Я глотаю слюну, чтобы смочить пересохшее горло, и отгоняю от себя воспоминания. Затем выхожу со станции на жгучий морозный воздух, радуясь тому, что нигде не видно штуцполицаев Рейха, вечно ухмыляющихся государственных полицейских, патрулирующих станцию. Наверное, борются, с морозом в своем автомобиле, прикладываясь к фляжке. Внимательно оглядываю поезд, пытаясь определить источник звука. Он исходит от крайнего товарного вагона, прикрепленного к последнему служебному вагону – не со стороны двигателя. Нет, звук исходит изнутри. От чего-то живого.
Останавливаюсь. Я взяла за правило никогда не приближаться к поездам и отворачиваться, когда они проезжают мимо, потому что в них везут евреев.

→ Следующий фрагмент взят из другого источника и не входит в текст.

(* Let $A\in\mathbb{R}^{n\times n}$ and $B\in\mathbb{R}^{n\times m}$ with $\rho(|A|)<1$, and let $T$ be a positive integer. Let $i,j\in\{1,\dots,n\}$, $i\neq j$, and $w\in\mathbb{R}$ be such that $\rho(|A|+|w|e_je_i^{\top})<1$. Then, whenever the respective Gramians are positive definite, $$\operatorname{tr}(\mathcal{W}_A^{-1})\ge\frac{n^2}{\operatorname{tr}(\mathcal{H}_{\mathcal{X}})},\qquad \operatorname{tr}(\mathcal{W}^{-1}_{A+we_je_i^{\top}})\ge\frac{n^2}{(1+\alpha\beta)\operatorname{tr}(\mathcal{H}_{\mathcal{X}})+\alpha^2\gamma\bar\gamma}.$$
   Context: $|\cdot|$ is taken entrywise; $\rho$ is the spectral radius; $e_k$ is the $k$-th canonical unit vector; $\|\cdot\|$ is the Euclidean norm. For $Z\in\mathbb{R}^{n\times n}$, $\mathcal{W}_Z=\sum_{t=0}^{T-1}Z^tBB^{\top}(Z^t)^{\top}$. Define $\mathcal{X}=(I-|A|)^{-1}$, $\mathcal{H}_{\mathcal{X}}=\mathcal{X}|B||B|^{\top}\mathcal{X}^{\top}$, $\alpha_{pq}=\frac{|w|}{1-|w|e_p^{\top}\mathcal{X}e_q}$, $\alpha=\max_{p\neq q}\alpha_{pq}$, $\beta=\max\{\max_{p\neq q}2e_p^{\top}\mathcal{X}e_q,\ \max_{p\neq q}e_p^{\top}\mathcal{X}e_q+\max_{q}\|\mathcal{X}e_q\|\}$, $\gamma=\max_k e_k^{\top}\mathcal{X}^{\top}\mathcal{X}e_k$, $\bar\gamma=\max_k e_k^{\top}\mathcal{X}|B||B|^{\top}\mathcal{X}^{\top}e_k$. *)

theory Defs
  imports "Jordan_Normal_Form.Spectral_Radius"
begin

definition abs_mat :: "real mat \<Rightarrow> real mat" where
  "abs_mat M = map_mat abs M"

definition rho :: "real mat \<Rightarrow> real" where
  "rho M = spectral_radius (map_mat complex_of_real M)"

definition trace_mat :: "real mat \<Rightarrow> real" where
  "trace_mat M = (\<Sum>k<dim_row M. M $$ (k, k))"

definition inv_mat :: "real mat \<Rightarrow> real mat" where
  "inv_mat M = (THE N. N \<in> carrier_mat (dim_row M) (dim_row M) \<and>
                       M * N = 1\<^sub>m (dim_row M) \<and> N * M = 1\<^sub>m (dim_row M))"

definition pos_def_mat :: "real mat \<Rightarrow> bool" where
  "pos_def_mat M \<longleftrightarrow> M \<in> carrier_mat (dim_row M) (dim_row M) \<and> M\<^sup>T = M \<and>
     (\<forall>x \<in> carrier_vec (dim_row M). x \<noteq> 0\<^sub>v (dim_row M) \<longrightarrow> x \<bullet> (M *\<^sub>v x) > 0)"

definition unit_outer :: "nat \<Rightarrow> nat \<Rightarrow> nat \<Rightarrow> real mat" where
  "unit_outer n j i = mat_of_cols n [unit_vec n j] * mat_of_rows n [unit_vec n i]"

definition gramian :: "real mat \<Rightarrow> real mat \<Rightarrow> nat \<Rightarrow> real mat" where
  "gramian Z B T = fold (\<lambda>t W. W + (Z ^\<^sub>m t) * B * B\<^sup>T * (Z ^\<^sub>m t)\<^sup>T) [0..<T]
                      (0\<^sub>m (dim_row Z) (dim_row Z))"

definition Xmat :: "real mat \<Rightarrow> real mat" where
  "Xmat A = inv_mat (1\<^sub>m (dim_row A) - abs_mat A)"

definition Hmat :: "real mat \<Rightarrow> real mat \<Rightarrow> real mat" where
  "Hmat A B = Xmat A * abs_mat B * (abs_mat B)\<^sup>T * (Xmat A)\<^sup>T"

(* e_p^T M e_q is the entry M $$ (p,q); ||v|| the Euclidean norm *)
definition vec_norm :: "real vec \<Rightarrow> real" where
  "vec_norm v = sqrt (v \<bullet> v)"

definition offdiag :: "nat \<Rightarrow> (nat \<times> nat) set" where
  "offdiag n = {(p, q). p < n \<and> q < n \<and> p \<noteq> q}"

definition alpha_pq :: "real mat \<Rightarrow> real \<Rightarrow> nat \<Rightarrow> nat \<Rightarrow> real" where
  "alpha_pq A w p q = \<bar>w\<bar> / (1 - \<bar>w\<bar> * (Xmat A $$ (p, q)))"

definition alpha_c :: "real mat \<Rightarrow> real \<Rightarrow> real" where
  "alpha_c A w = Max ((\<lambda>(p, q). alpha_pq A w p q) ` offdiag (dim_row A))"

definition beta_c :: "real mat \<Rightarrow> real" where
  "beta_c A = max (Max ((\<lambda>(p, q). 2 * (Xmat A $$ (p, q))) ` offdiag (dim_row A)))
                  (Max ((\<lambda>(p, q). Xmat A $$ (p, q)) ` offdiag (dim_row A))
                   + Max ((\<lambda>q. vec_norm (col (Xmat A) q)) ` {..<dim_row A}))"

definition gamma_c :: "real mat \<Rightarrow> real" where
  "gamma_c A = Max ((\<lambda>k. ((Xmat A)\<^sup>T * Xmat A) $$ (k, k)) ` {..<dim_row A})"

definition gamma_bar_c :: "real mat \<Rightarrow> real mat \<Rightarrow> real" where
  "gamma_bar_c A B = Max ((\<lambda>k. Hmat A B $$ (k, k)) ` {..<dim_row A})"

end

(*
  For a positive definite n x n matrix W, the quadratic form of W at tr(W) W^-1 e_k - n e_k is
  nonnegative; summing over k gives tr(W^-1) tr(W) >= n^2. So both bounds follow from upper
  bounds on the trace of the Gramian.

  If |Z| <= M entrywise, where M >= 0 and rho(M) < 1, then |Z^t| <= M^t, hence
  tr W_Z = sum_t ||Z^t B||_F^2 <= ||(sum_t M^t) |B| ||_F^2 <= ||(I - M)^-1 |B| ||_F^2, because the
  Neumann series of M converges (its powers decay geometrically) to the nonnegative matrix
  (I - M)^-1. For M = |A| this bound is tr H_X. For M = |A| + |w| e_j e_i^T the Sherman-Morrison
  formula gives (I - M)^-1 = X + alpha_ij X e_j e_i^T X, a rank-one perturbation of X. Expanding
  the Frobenius norm of (X + alpha_ij X e_j e_i^T X)|B|, the cross term is controlled by the
  largest eigenvalue of a 2 x 2 quadratic form, which is where beta comes from.
*)

theory Submission
  imports Defs "HOL-Analysis.Convex"
begin

lemma index_mult_mat_sum:
  assumes "A \<in> carrier_mat a n" "B \<in> carrier_mat n b" "p < a" "q < b"
  shows "(A * B) $$ (p, q) = (\<Sum>l<n. A $$ (p, l) * B $$ (l, q))"
  using assms by (simp add: scalar_prod_def lessThan_atLeast0)

lemma index_one_minus_mult_mat:
  fixes M Y :: "'a :: comm_ring_1 mat"
  assumes "M \<in> carrier_mat n n" "Y \<in> carrier_mat n k" "p < n" "q < k"
  shows "((1\<^sub>m n - M) * Y) $$ (p, q) = Y $$ (p, q) - (\<Sum>l<n. M $$ (p, l) * Y $$ (l, q))"
proof -
  have "((1\<^sub>m n - M) * Y) $$ (p, q) = (\<Sum>l<n. (1\<^sub>m n - M) $$ (p, l) * Y $$ (l, q))"
    using assms by (intro index_mult_mat_sum) auto
  also have "\<dots> = (\<Sum>l<n. (if p = l then Y $$ (l, q) else 0) - M $$ (p, l) * Y $$ (l, q))"
    using assms by (intro sum.cong) (auto simp: left_diff_distrib)
  finally show ?thesis
    using assms by (simp add: sum_subtractf)
qed

lemma abs_mat_carrier: "M \<in> carrier_mat n m \<Longrightarrow> abs_mat M \<in> carrier_mat n m"
  unfolding abs_mat_def by simp

lemma index_abs_mat: "p < dim_row M \<Longrightarrow> q < dim_col M \<Longrightarrow> abs_mat M $$ (p, q) = \<bar>M $$ (p, q)\<bar>"
  unfolding abs_mat_def by simp

lemma inv_mat_eqI:
  fixes A N :: "real mat"
  assumes A: "A \<in> carrier_mat n n" and N: "N \<in> carrier_mat n n" and AN: "A * N = 1\<^sub>m n"
  shows "inv_mat A = N"
proof -
  have dim: "dim_row A = n" using A by auto
  have NA: "N * A = 1\<^sub>m n" by (rule mat_mult_left_right_inverse[OF A N AN])
  show ?thesis
    unfolding inv_mat_def dim
  proof (rule the_equality)
    fix N' assume N': "N' \<in> carrier_mat n n \<and> A * N' = 1\<^sub>m n \<and> N' * A = 1\<^sub>m n"
    then have "N' = N' * (A * N)" using AN by (metis right_mult_one_mat)
    also have "\<dots> = (N' * A) * N" using A N N' by (metis assoc_mult_mat)
    also have "\<dots> = N" using N N' by simp
    finally show "N' = N" .
  qed (use N AN NA in auto)
qed

lemma inv_mat_if_trivial_kernel:
  fixes A :: "real mat"
  assumes A: "A \<in> carrier_mat n n"
    and ker: "\<And>v. v \<in> carrier_vec n \<Longrightarrow> A *\<^sub>v v = 0\<^sub>v n \<Longrightarrow> v = 0\<^sub>v n"
  shows "inv_mat A \<in> carrier_mat n n" and "A * inv_mat A = 1\<^sub>m n"
proof -
  have "det A \<noteq> 0" using det_0_iff_vec_prod_zero[OF A] ker by auto
  from det_non_zero_imp_unit[OF A this, of undefined]
  obtain N where N: "N \<in> carrier_mat n n" "A * N = 1\<^sub>m n"
    unfolding Units_def ring_mat_def by auto
  with inv_mat_eqI[OF A N] show "inv_mat A \<in> carrier_mat n n" "A * inv_mat A = 1\<^sub>m n" by auto
qed

section \<open>Spectral radius and the Neumann series\<close>

lemma rho_nonneg:
  assumes "M \<in> carrier_mat n n" "0 < n"
  shows "0 \<le> rho M"
  using spectral_radius_mem_max(1)[of "map_mat complex_of_real M" n] assms
  unfolding rho_def by auto

lemma abs_eigenvalue_le_rho:
  fixes M :: "real mat"
  assumes M: "M \<in> carrier_mat n n" and ev: "eigenvalue M k"
  shows "\<bar>k\<bar> \<le> rho M"
proof -
  let ?C = "map_mat complex_of_real M"
  have C: "?C \<in> carrier_mat n n" using M by auto
  have "eigenvalue ?C (complex_of_real k)" by (rule of_real_hom.eigenvalue_hom[OF M ev])
  then have "\<bar>k\<bar> \<in> norm ` spectrum ?C"
    unfolding spectrum_def by (metis image_eqI mem_Collect_eq norm_of_real)
  moreover have "0 < n" using eigenvalue_imp_nonzero_dim[OF M ev] .
  ultimately show ?thesis using spectral_radius_mem_max(2)[OF C] unfolding rho_def by auto
qed

lemma rho_lt_1_kernel_one_minus:
  fixes M :: "real mat"
  assumes M: "M \<in> carrier_mat n n" and rho: "rho M < 1"
    and v: "v \<in> carrier_vec n" and ker: "(1\<^sub>m n - M) *\<^sub>v v = 0\<^sub>v n"
  shows "v = 0\<^sub>v n"
proof (rule ccontr)
  assume "v \<noteq> 0\<^sub>v n"
  moreover have "M *\<^sub>v v = v"
  proof (rule eq_vecI)
    have "v - M *\<^sub>v v = 0\<^sub>v n"
      using ker minus_mult_distrib_mat_vec[OF one_carrier_mat M v] v by simp
    then show "(M *\<^sub>v v) $ p = v $ p" if "p < dim_vec v" for p
      using that M v by (metis carrier_vecD index_minus_vec(1) index_zero_vec(1) mult_mat_vec_carrier right_minus_eq)
  qed (use M v in auto)
  ultimately have "eigenvalue M 1" using M v unfolding eigenvalue_def eigenvector_def by auto
  with abs_eigenvalue_le_rho[OF M] rho show False by fastforce
qed

lemma eigenvalue_smult_mat:
  fixes A :: "'a :: comm_ring_1 mat"
  assumes A: "A \<in> carrier_mat n n" and ev: "eigenvalue A k"
  shows "eigenvalue (c \<cdot>\<^sub>m A) (c * k)"
proof -
  obtain v where v: "v \<in> carrier_vec n" "v \<noteq> 0\<^sub>v n" "A *\<^sub>v v = k \<cdot>\<^sub>v v"
    using ev A unfolding eigenvalue_def eigenvector_def by auto
  have "(c \<cdot>\<^sub>m A) *\<^sub>v v = c \<cdot>\<^sub>v (A *\<^sub>v v)"
    using A v(1) by (intro eq_vecI) (auto simp: mult_mat_vec_def scalar_prod_def sum_distrib_left ac_simps)
  also have "\<dots> = (c * k) \<cdot>\<^sub>v v" using v(3) by (simp add: smult_smult_assoc)
  finally have "(c \<cdot>\<^sub>m A) *\<^sub>v v = (c * k) \<cdot>\<^sub>v v" .
  with v A show ?thesis unfolding eigenvalue_def eigenvector_def by auto
qed

lemma pow_smult_mat:
  fixes A :: "'a :: comm_ring_1 mat"
  assumes A: "A \<in> carrier_mat n n"
  shows "(c \<cdot>\<^sub>m A) ^\<^sub>m k = c ^ k \<cdot>\<^sub>m (A ^\<^sub>m k)"
proof (induction k)
  case 0
  show ?case by (rule eq_matI) (use A in auto)
next
  case (Suc k)
  have "(c \<cdot>\<^sub>m A) ^\<^sub>m Suc k = (c ^ k \<cdot>\<^sub>m (A ^\<^sub>m k)) * (c \<cdot>\<^sub>m A)" using Suc by simp
  also have "\<dots> = c ^ Suc k \<cdot>\<^sub>m (A ^\<^sub>m Suc k)"
    using A by (intro eq_matI) (auto simp: scalar_prod_def sum_distrib_left ac_simps)
  finally show ?case .
qed

lemma spectral_radius_scaled_lt_1:
  fixes M :: "real mat"
  assumes M: "M \<in> carrier_mat n n" and n: "0 < n" and r: "0 < r" "rho M < r"
  shows "spectral_radius (complex_of_real (1 / r) \<cdot>\<^sub>m map_mat complex_of_real M) < 1"
proof -
  let ?C = "map_mat complex_of_real M" and ?N = "complex_of_real (1 / r) \<cdot>\<^sub>m map_mat complex_of_real M"
  have C: "?C \<in> carrier_mat n n" and N: "?N \<in> carrier_mat n n" using M by auto
  have CN: "complex_of_real r \<cdot>\<^sub>m ?N = ?C" using r by (intro eq_matI) auto
  have "norm z < 1" if "z \<in> spectrum ?N" for z
  proof -
    have "eigenvalue ?C (complex_of_real r * z)"
      using eigenvalue_smult_mat[OF N, of z "complex_of_real r"] that unfolding CN spectrum_def by auto
    then have "r * norm z \<le> rho M"
      using spectral_radius_mem_max(2)[OF C n] r unfolding rho_def spectrum_def by (force simp: norm_mult)
    then have "r * norm z < r * 1" using r by linarith
    then show ?thesis using r by simp
  qed
  moreover have "spectral_radius ?N \<in> norm ` spectrum ?N"
    using spectral_radius_mem_max(1)[OF N n] .
  ultimately show ?thesis by auto
qed

lemma rho_lt_1_pow_entries_decay:
  fixes M :: "real mat"
  assumes M: "M \<in> carrier_mat n n" and rho: "rho M < 1"
  obtains r c where "0 \<le> r" "r < 1"
    and "\<And>k p q. p < n \<Longrightarrow> q < n \<Longrightarrow> \<bar>(M ^\<^sub>m k) $$ (p, q)\<bar> \<le> c * r ^ k"
proof (cases "n = 0")
  case True
  then show ?thesis using that[where r = 0 and c = 0] by simp
next
  case False
  define r where "r = (1 + rho M) / 2"
  have r: "0 < r" "r < 1" "rho M < r" using rho rho_nonneg[OF M] False unfolding r_def by auto
  define N where "N = complex_of_real (1 / r) \<cdot>\<^sub>m map_mat complex_of_real M"
  have N: "N \<in> carrier_mat n n" unfolding N_def using M by auto
  \<comment> \<open>the powers of \<open>N = M / r\<close> stay bounded, so those of \<open>M\<close> decay like \<open>r\<^sup>k\<close>\<close>
  from spectral_radius_jnf_norm_bound_less_1_upper_triangular[OF N]
    spectral_radius_scaled_lt_1[OF M _ r(1,3)] False
  obtain c where c: "\<And>k. norm_bound (N ^\<^sub>m k) c" unfolding N_def by auto
  have "\<bar>(M ^\<^sub>m k) $$ (p, q)\<bar> \<le> c * r ^ k" if pq: "p < n" "q < n" for k p q
  proof -
    have C: "map_mat complex_of_real M \<in> carrier_mat n n" using M by simp
    have "N ^\<^sub>m k = complex_of_real (1 / r) ^ k \<cdot>\<^sub>m map_mat complex_of_real (M ^\<^sub>m k)"
      unfolding N_def pow_smult_mat[OF C] of_real_hom.mat_hom_pow[OF M] ..
    then have "(N ^\<^sub>m k) $$ (p, q) = complex_of_real (1 / r) ^ k * complex_of_real ((M ^\<^sub>m k) $$ (p, q))"
      using pq M by simp
    moreover have "norm ((N ^\<^sub>m k) $$ (p, q)) \<le> c"
      using c[of k] pq N unfolding norm_bound_def by simp
    ultimately have "(1 / r) ^ k * \<bar>(M ^\<^sub>m k) $$ (p, q)\<bar> \<le> c"
      using r by (simp add: norm_mult norm_power norm_divide)
    then show ?thesis using r by (simp add: field_simps)
  qed
  with r show ?thesis by (intro that[where r = r and c = c]) auto
qed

Когда впервые увидела облаву, я еще жила в нашей деревне, дома: мужчин, женщин и детей сгоняли на рыночную площадь. Я побежала к отцу, рыдая. Он был патриотом и всегда заступался за людей – так почему не сейчас?
– Это ужасно, – заключил он сквозь седеющую бороду в желтых пятнах от курительной трубки. Он стер слезы с моих щек и поделился со мной пространным объяснением о том, что существуют разные взгляды на ситуацию. Но никакие взгляды не могли изменить того, что мою одноклассницу Стеффи Кляйн отвели на вокзал под конвоем вместе с ее младшим братом и родителями, в том же самом платье, которое она надевала на мой день рождения за месяц до этого.

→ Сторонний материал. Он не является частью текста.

lemma tendsto_0_powr_ratio_minus_powr:
  fixes m a c :: real
  assumes m: "m > 0" and c: "0 \<le> c" and a: "c < a" "a < c + 1"
  defines "G \<equiv> \<lambda>t. t powr (m*a) / (1 + t powr m) powr c - t powr (m*(a-c))"
  shows "(G \<longlongrightarrow> 0) (at_right 0)" and "(G \<longlongrightarrow> 0) at_top"
proof -
  obtain n :: nat where n: "c \<le> real n"
    using real_arch_simple by blast
  define d where "d = m*(a-c)"
  have d: "0 < d" "d < m"
    using m a by (simp_all add: d_def)
  have "d + m*c = m*a"
    by (simp add: d_def algebra_simps)
  then have bound: "norm (G t) \<le> n * (t powr d / (1 + t powr m))" if "t > 0" for t
    using abs_powr_ratio_minus_powr_le[OF that c n, of d m] by (simp add: G_def d_def)
  show "(G \<longlongrightarrow> 0) (at_right 0)"
  proof (rule Lim_null_comparison)
    show "\<forall>\<^sub>F t in at_right 0. norm (G t) \<le> n * t powr d"
    proof (rule eventually_at_rightI[of 0 1])
      fix t :: real assume "t \<in> {0<..<1}"
      then have "t > 0" by simp
      then have "t powr d / (1 + t powr m) \<le> t powr d"
        by (simp add: divide_le_eq mult_le_cancel_left1 add_pos_nonneg)
      then show "norm (G t) \<le> n * t powr d"
        using bound[OF \<open>t > 0\<close>] by (meson mult_left_mono of_nat_0_le_iff order_trans)
    qed simp
    show "((\<lambda>t. n * t powr d) \<longlongrightarrow> 0) (at_right 0)"
      using d by (auto intro!: tendsto_mult_right_zero tendsto_zero_powrI[where b=d]
                         tendsto_eq_intros eventually_at_rightI[of 0 1])
  qed
  show "(G \<longlongrightarrow> 0) at_top"
  proof (rule Lim_null_comparison)
    show "\<forall>\<^sub>F t in at_top. norm (G t) \<le> n * t powr (d - m)"
    proof (rule eventually_at_top_linorderI[of 1])
      fix t :: real assume "1 \<le> t"
      then have "0 < t powr m"
        by simp
      then have "t powr d / (1 + t powr m) \<le> t powr d / t powr m"
        by (intro divide_left_mono mult_pos_pos) (auto simp: add_pos_nonneg)
      from mult_left_mono[OF this, of "real n"]
      have "n * (t powr d / (1 + t powr m)) \<le> n * t powr (d - m)"
        by (simp add: powr_diff)
      then show "norm (G t) \<le> n * t powr (d - m)"
        using bound[of t] \<open>1 \<le> t\<close> by simp
    qed
    show "((\<lambda>t. n * t powr (d - m)) \<longlongrightarrow> 0) at_top"
      using d by (intro tendsto_mult_right_zero tendsto_neg_powr filterlim_ident) auto
  qed
qed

Звук становится все громче, теперь он похож на причитания, на вой раненого животного, лежащего в кустах. Я осматриваю пустую платформу и заглядываю за край станции. Слышат ли полицейские этот звук? Я останавливаюсь на краю платформы, в нерешительности поглядывая на пустынные пути, которые отделяют меня от торгового вагона. Надо просто уйти. «Смотри в пол, а не по сторонам» – это урок, которому научила нас война.

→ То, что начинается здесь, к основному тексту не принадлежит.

(* Fix $K\ge1$, points $\mathbf{w}_1,\dots,\mathbf{w}_K\in\mathbb{R}^2$ and constants $H>0$, $\rho_0>0$, $\sigma^2>0$, $r^*>0$, $P_c\ge0$, $E_1,\dots,E_K>0$, $\tilde P_1,\dots,\tilde P_K>0$. For $\mathbf{q}\in\mathbb{R}^2$ write $d_k=\sqrt{\|\mathbf{q}-\mathbf{w}_k\|^2+H^2}$ and $h_k=\rho_0/d_k^2$. Problem (P1): minimize $\zeta$ over $(\zeta,\mathbf{q},\mathbf{p},\pi)$ with $\zeta\in\mathbb{R}$, $\mathbf q\in\mathbb{R}^2$, $\mathbf p\in\mathbb{R}^K$, $\pi$ a permutation of $\{1,\dots,K\}$, subject to, for all $m$: $p_{\pi(m)}+P_c\le\zeta E_{\pi(m)}$; $0\le p_{\pi(m)}\le\tilde P_{\pi(m)}$; $\log_2\big(1+\frac{p_{\pi(m)}h_{\pi(m)}}{\sum_{n=m+1}^Kp_{\pi(n)}h_{\pi(n)}+\sigma^2}\big)\ge r^*$; and $d_{\pi(1)}\le d_{\pi(2)}\le\dots\le d_{\pi(K)}$. Problem (P2): minimize $\zeta$ over $(\zeta,\mathbf{q},\mathbf{p},\boldsymbol\alpha)$ with $\boldsymbol\alpha=(\alpha_{k,j})_{k,j=1}^K$, subject to, for all $k$: $p_k+P_c\le\zeta E_k$; $0\le p_k\le\tilde P_k$; $\log_2\big(1+\frac{p_kh_k}{\sum_{j\ne k}\alpha_{k,j}p_jh_j+\sigma^2}\big)\ge r^*$; for all $k\ne j$: $\alpha_{k,j}=0$ if $d_k>d_j$, $\alpha_{k,j}=1$ if $d_k<d_j$, $\alpha_{k,j}\in\{0,1\}$ if $d_k=d_j$; $\alpha_{k,k}=0$; $\alpha_{k,j}+\alpha_{j,k}=1$ for $k\ne j$; $\alpha_{k,j}+\alpha_{j,i}-1\le\alpha_{k,i}$ for all $k,j,i$. Let $(\zeta,\mathbf{q},\mathbf{p},\boldsymbol\alpha)$ be feasible for (P2), and let $f(k)=K-\sum_{j=1}^K\alpha_{k,j}$. Then $f$ is a permutation of $\{1,\dots,K\}$, and setting $\pi'=f^{-1}$ and $\mathbf p'$ with $p'_{\pi'(m)}=p_{f^{-1}(m)}$ for all $m$, the tuple $(\zeta,\mathbf q,\mathbf p',\pi')$ is feasible for (P1); moreover the objective value of (P1) at $(\mathbf q,\mathbf p',\pi')$ equals that of (P2) at $(\mathbf q,\mathbf p,\boldsymbol\alpha)$ (both equal the least admissible $\zeta$, namely $\max_k (p_k+P_c)/E_k$).
   Context: (P1) models maximizing the minimum device lifetime $E_k/(p_k+P_c)$ (via $\zeta=1/\text{lifetime}$) in uplink NOMA to a UAV with permutation decoding order $\pi$ ($\pi(m)=k$: device $k$ is decoded $m$-th); (P2) is the same with binary decoding-order variables $\alpha_{k,j}$ ($\alpha_{k,j}=1$: device $k$ decoded before device $j$). $\tilde P_k$ is the allowable transmit power of device $k$. *)

theory Defs
  imports "HOL-Analysis.Analysis"
begin

text \<open>Devices are indexed by 1..K. Distance from UAV position q (at altitude H) to device k.\<close>
definition dist_dev :: "real \<Rightarrow> (nat \<Rightarrow> real^2) \<Rightarrow> real^2 \<Rightarrow> nat \<Rightarrow> real" where
  "dist_dev H w q k = sqrt ((norm (q - w k))^2 + H^2)"

definition gain :: "real \<Rightarrow> real \<Rightarrow> (nat \<Rightarrow> real^2) \<Rightarrow> real^2 \<Rightarrow> nat \<Rightarrow> real" where
  "gain rho0 H w q k = rho0 / (dist_dev H w q k)^2"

Заметишь чужие дела – жди беды. Если меня поймают на той части станции, где мне не положено быть, я останусь без работы, без жилья, а возможно, даже попаду под арест. Но у меня никогда не получалось ничего не замечать. «Слишком любопытная», – как говорила моя мама про меня в детстве. Я всегда хотела знать наверняка. Я иду вперед, не в силах игнорировать звук, который по мере того, как я приближаюсь, становится все более похожим на плач.
Из открытой двери вагона видна маленькая ножка.
Я оттягиваю дверь в сторону. «Ох!» – мой вздох отозвался эхом в темноте, угрожая выдать меня. Это дети, бесчисленное множество маленьких тел лежит на застеленном соломой полу вагона вплотную друг к другу, иногда и друг на друге. Большинство не двигается, и я не могу понять, умерли они или спят. В этой тишине жалобные крики смешиваются со вздохами и стонами, похожими на блеяние ягнят.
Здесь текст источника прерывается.